_Activity_.
Looking at the listing below, give the number of lines in which the string "ultimately" appears, and add nothing else.

_Material for this exercise_.
lemma qform_arrow_vector:
  fixes c :: "'n::finite \<Rightarrow> real"
  shows "qform (arrow_matrix k c) (arrow_vector k c) = 1 - (\<Sum>j\<in>UNIV-{k}. (c j)^2)"
proof -
  have "qform (arrow_matrix k c) (arrow_vector k c)
      = (\<Sum>i\<in>UNIV. arrow_vector k c $ i * (if i = k then (\<Sum>j\<in>UNIV-{k}. (c j)^2) - 1 else 0))"
    by (simp add: qform_def inner_vec_def arrow_matrix_mult_arrow_vector)
  then show ?thesis
    by (simp add: arrow_vector_def if_distrib[of "\<lambda>x. _ * x"] cong: if_cong)
qed

text \<open>Since G w = -d e_k for the arrow vector w, the inverse of G is the projection onto
  x_k = 0 plus w w^T / d.\<close>

definition arrow_inverse :: "'n::finite \<Rightarrow> ('n \<Rightarrow> real) \<Rightarrow> real^'n^'n" where
  "arrow_inverse k c = (\<chi> q r. (if q = r \<and> q \<noteq> k then 1 else 0)
     + arrow_vector k c $ q * arrow_vector k c $ r / (1 - (\<Sum>j\<in>UNIV-{k}. (c j)^2)))"

lemma matrix_inv_arrow_matrix:
  fixes c :: "'n::finite \<Rightarrow> real"
  assumes "(\<Sum>j\<in>UNIV-{k}. (c j)^2) \<noteq> 1"
  shows "matrix_inv (arrow_matrix k c) = arrow_inverse k c"
proof (rule matrix_inv_eqI)
  define A where "A = arrow_matrix k c"
  define w where "w = arrow_vector k c"
  define d where "d = 1 - (\<Sum>j\<in>UNIV-{k}. (c j)^2)"
  have "d \<noteq> 0"
    using assms by (simp add: d_def)
  have Aw: "(A *v w) $ i = (if i = k then - d else 0)" for i
    by (simp add: A_def w_def d_def arrow_matrix_mult_arrow_vector)
  have "(A ** arrow_inverse k c) $ i $ m
      = (\<Sum>l\<in>UNIV. if l = m \<and> m \<noteq> k then A $ i $ m else 0) + (A *v w) $ i * w $ m / d" for i m
    by (simp add: A_def w_def d_def arrow_inverse_def matrix_matrix_mult_def matrix_vector_mult_def
        distrib_left sum.distrib sum_distrib_right sum_divide_distrib mult.assoc if_distrib[of "\<lambda>x. _ * x"]
        cong: if_cong) (auto intro!: sum.cong)
  also have "\<dots> i m = (if m \<noteq> k then A $ i $ m else 0) - (if i = k then w $ m else 0)" for i m
    using \<open>d \<noteq> 0\<close> by (simp add: Aw)
  finally show "A ** arrow_inverse k c = mat 1"
    by (auto simp: vec_eq_iff mat_def A_def w_def arrow_matrix_def arrow_vector_def)
qed

lemma quadratic_arrow_inverse:
  fixes c h :: "'n::finite \<Rightarrow> real"
  shows "(\<Sum>q\<in>UNIV. \<Sum>r\<in>UNIV. arrow_inverse k c $ q $ r * h q * h r)
       = (\<Sum>q\<in>UNIV-{k}. (h q)^2)
         + (\<Sum>q\<in>UNIV. arrow_vector k c $ q * h q)^2 / (1 - (\<Sum>j\<in>UNIV-{k}. (c j)^2))"
proof -
  define w where "w = arrow_vector k c"
  define d where "d = 1 - (\<Sum>j\<in>UNIV-{k}. (c j)^2)"
  define W where "W = (\<Sum>r\<in>UNIV. w $ r * h r)"
  have row: "(\<Sum>r\<in>UNIV. arrow_inverse k c $ q $ r * h q * h r)
      = (if q \<noteq> k then (h q)^2 else 0) + w $ q * h q * W / d" for q
  proof -
    have "(\<Sum>r\<in>UNIV. arrow_inverse k c $ q $ r * h q * h r)
        = (\<Sum>r\<in>UNIV. (if r = q \<and> q \<noteq> k then (h q)^2 else 0) + w $ q * h q * (w $ r * h r) / d)"
      by (intro sum.cong) (auto simp: arrow_inverse_def w_def d_def power2_eq_square algebra_simps)
    then show ?thesis
      by (cases "q = k") (simp_all add: W_def sum.distrib sum_distrib_left sum_divide_distrib)
  qed
  have "(\<Sum>q\<in>UNIV. \<Sum>r\<in>UNIV. arrow_inverse k c $ q $ r * h q * h r)
      = (\<Sum>q\<in>UNIV. if q \<noteq> k then (h q)^2 else 0) + W * W / d"
    by (simp add: row sum.distrib W_def sum_distrib_right sum_divide_distrib)
  also have "(\<Sum>q\<in>UNIV. if q \<noteq> k then (h q)^2 else 0) = (\<Sum>q\<in>UNIV-{k}. (h q)^2)"
    by (rule sum.mono_neutral_cong_right) auto
  finally show ?thesis
    by (simp add: W_def w_def d_def power2_eq_square)
qed

lemma Hmat_entry_ratio_eq:
  fixes x y g :: real
  assumes "x \<noteq> 0"
  shows "2 * x * (x * g - y) / (x^2 - y^2) = 2 * (g - y / x) / (1 - (y / x)^2)"
    and "2 * y * (y * g - x) / (y^2 - x^2) = 2 * (y / x) * (y / x * g - 1) / ((y / x)^2 - 1)"
proof -
  define r where "r = y / x"
  have y: "y = r * x"
    using assms by (simp add: r_def)
  have "x^2 \<noteq> 0"
    using assms by simp
  show "2 * x * (x * g - y) / (x^2 - y^2) = 2 * (g - y / x) / (1 - (y / x)^2)"
    using assms mult_divide_mult_cancel_left[OF \<open>x^2 \<noteq> 0\<close>, of "2 * (g - r)" "1 - r^2"]
    by (simp add: y power2_eq_square algebra_simps)
  show "2 * y * (y * g - x) / (y^2 - x^2) = 2 * (y / x) * (y / x * g - 1) / ((y / x)^2 - 1)"
    using assms mult_divide_mult_cancel_left[OF \<open>x^2 \<noteq> 0\<close>, of "2 * r * (r * g - 1)" "r^2 - 1"]
    by (simp add: y power2_eq_square algebra_simps)
qed

lemma tendsto_Hmat_entry_ratio:
  fixes x y :: "'a \<Rightarrow> real"
  assumes ratio: "((\<lambda>t. y t / x t) \<longlongrightarrow> 0) F" and nonzero: "\<forall>\<^sub>F t in F. x t \<noteq> 0"
  shows "((\<lambda>t. 2 * x t * (x t * g - y t) / ((x t)^2 - (y t)^2)) \<longlongrightarrow> 2 * g) F"
    and "((\<lambda>t. 2 * y t * (y t * g - x t) / ((y t)^2 - (x t)^2)) \<longlongrightarrow> 0) F"
proof -
  have "((\<lambda>t. 2 * (g - y t / x t) / (1 - (y t / x t)^2)) \<longlongrightarrow> 2 * (g - 0) / (1 - 0^2)) F"
    by (intro tendsto_intros ratio) simp
  then have "((\<lambda>t. 2 * (g - y t / x t) / (1 - (y t / x t)^2)) \<longlongrightarrow> 2 * g) F"
    by simp
  then show "((\<lambda>t. 2 * x t * (x t * g - y t) / ((x t)^2 - (y t)^2)) \<longlongrightarrow> 2 * g) F"
    by (rule Lim_transform_eventually[OF _ eventually_mono[OF nonzero]]) (simp_all add: Hmat_entry_ratio_eq)
  have "((\<lambda>t. 2 * (y t / x t) * (y t / x t * g - 1) / ((y t / x t)^2 - 1)) \<longlongrightarrow> 2 * 0 * (0 * g - 1) / (0^2 - 1)) F"
    by (intro tendsto_intros ratio) simp
  then have "((\<lambda>t. 2 * (y t / x t) * (y t / x t * g - 1) / ((y t / x t)^2 - 1)) \<longlongrightarrow> 0) F"
    by simp
  then show "((\<lambda>t. 2 * y t * (y t * g - x t) / ((y t)^2 - (x t)^2)) \<longlongrightarrow> 0) F"
    by (rule Lim_transform_eventually[OF _ eventually_mono[OF nonzero]]) (simp_all add: Hmat_entry_ratio_eq)
qed

lemma tendsto_power_ratio_at_top:
  assumes "a < b"
  shows "((\<lambda>M::real. M ^ a / M ^ b) \<longlongrightarrow> 0) at_top"
proof -
  have "((\<lambda>M::real. inverse M ^ (b - a)) \<longlongrightarrow> 0) at_top"
    using assms tendsto_inverse_0_at_top[OF filterlim_ident] by simp
  moreover have "\<forall>\<^sub>F M::real in at_top. inverse M ^ (b - a) = M ^ a / M ^ b"
    by (rule eventually_mono[OF eventually_gt_at_top[of 0]])
      (use assms in \<open>simp add: power_diff_conv_inverse divide_inverse power_inverse\<close>)
  ultimately show ?thesis
    by (rule Lim_transform_eventually)
qed

lemma tendsto_Hmat_power_spread:
  fixes f :: "'n::finite \<Rightarrow> nat" and G :: "real^'n^'n"
  assumes "inj f"
  shows "((\<lambda>M. Hmat (\<chi> p. M ^ f p) G $ p $ q)
           \<longlongrightarrow> (if p = q then 1 else if f q < f p then 2 * G$p$q else 0)) at_top"
proof (cases "p = q")
  case False
  have nonzero: "\<forall>\<^sub>F M in at_top. (M::real) ^ m \<noteq> 0" for m
    by (rule eventually_mono[OF eventually_gt_at_top[of 0]]) simp
  have "f p \<noteq> f q"
    using False assms by (auto dest: injD)
  then consider "f q < f p" | "f p < f q"
    by linarith
  then show ?thesis
  proof cases
    case 1
    then show ?thesis
      using tendsto_Hmat_entry_ratio(1)[OF tendsto_power_ratio_at_top[OF 1] nonzero, of "G$p$q"] False
      by (simp add: Hmat_def)
  next
    case 2
    then show ?thesis
      using tendsto_Hmat_entry_ratio(2)[OF tendsto_power_ratio_at_top[OF 2] nonzero, of "G$p$q"] False
      by (simp add: Hmat_def)
  qed
qed (simp add: Hmat_def)

definition row_form :: "real^'n \<Rightarrow> real^'n^'n \<Rightarrow> 'n \<Rightarrow> real" where
  "row_form l G p = (\<Sum>q\<in>UNIV. \<Sum>r\<in>UNIV. matrix_inv G $ q $ r * Hmat l G $ p $ q * Hmat l G $ p $ r)"

lemma tendsto_row_form_arrow_matrix:
  fixes f :: "'n::finite \<Rightarrow> nat" and s :: 'n and c :: "'n \<Rightarrow> real"
  defines "G \<equiv> arrow_matrix s c" and "d \<equiv> 1 - (\<Sum>j\<in>UNIV-{s}. (c j)^2)"
  assumes "inj f" and f_s: "\<And>p. p \<noteq> s \<Longrightarrow> f s < f p" and "d \<noteq> 0"
  shows "((\<lambda>M. row_form (\<chi> p. M ^ f p) G p) \<longlongrightarrow> (if p = s then 1 / d else 1 + (c p)^2 / d)) at_top"
proof -
  define h where "h q = (if p = q then 1 else if q = s then 2 * c p else 0)" for q
  have "((\<lambda>M. Hmat (\<chi> p. M ^ f p) G $ p $ q) \<longlongrightarrow> h q) at_top" for q
  proof -
    have "(if p = q then 1 else if f q < f p then 2 * G$p$q else 0) = h q"
      using f_s[of p] f_s[of q] by (auto simp: h_def G_def arrow_matrix_def)
    with tendsto_Hmat_power_spread[OF \<open>inj f\<close>, of G p q] show ?thesis
      by simp
  qed
  then have "((\<lambda>M. row_form (\<chi> p. M ^ f p) G p)
      \<longlongrightarrow> (\<Sum>q\<in>UNIV. \<Sum>r\<in>UNIV. matrix_inv G $ q $ r * h q * h r)) at_top"
    unfolding row_form_def by (intro tendsto_sum tendsto_mult tendsto_const)
  also have "(\<Sum>q\<in>UNIV. \<Sum>r\<in>UNIV. matrix_inv G $ q $ r * h q * h r)
      = (\<Sum>q\<in>UNIV-{s}. (h q)^2) + (\<Sum>q\<in>UNIV. arrow_vector s c $ q * h q)^2 / d"
    using \<open>d \<noteq> 0\<close> by (simp add: G_def d_def matrix_inv_arrow_matrix quadratic_arrow_inverse)
  also have "\<dots> = (if p = s then 1 / d else 1 + (c p)^2 / d)"
  proof (cases "p = s")
    case True
    then show ?thesis
      by (simp add: h_def arrow_vector_def if_distrib[of "\<lambda>x. _ * x"] cong: if_cong)
  next
    case False
    have "(\<Sum>q\<in>UNIV-{s}. (h q)^2) = (\<Sum>q\<in>UNIV-{s}. if q = p then 1 else 0)"
      by (intro sum.cong) (auto simp: h_def)
    moreover have "(\<Sum>q\<in>UNIV. arrow_vector s c $ q * h q) = (\<Sum>q\<in>UNIV. (if q = p then c p else 0) + (if q = s then - 2 * c p else 0))"
      using False by (intro sum.cong) (auto simp: h_def arrow_vector_def)
    ultimately show ?thesis
      using False by (simp add: sum.distrib power2_eq_square)
  qed
  finally show ?thesis .
qed

lemma exists_arrow_parameter:
  fixes N :: real
  assumes "2 \<le> N"
  shows "\<exists>a. 1 < (N - 1) * a^2 \<and> (N - 2) * a^2 < 1"
proof -
  define a where "a = sqrt (2 / (2 * N - 3))"
  have "a^2 = 2 / (2 * N - 3)" "a^2 > 0"
    using assms by (simp_all add: a_def)
  then have "2 * (N * a^2) = 2 + 3 * a^2" "a^2 > 0"
    using assms by (simp_all add: field_simps)
  then have "1 < (N - 1) * a^2 \<and> (N - 2) * a^2 < 1"
    unfolding left_diff_distrib by linarith
  then show ?thesis ..
qed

_Solved problem_.
2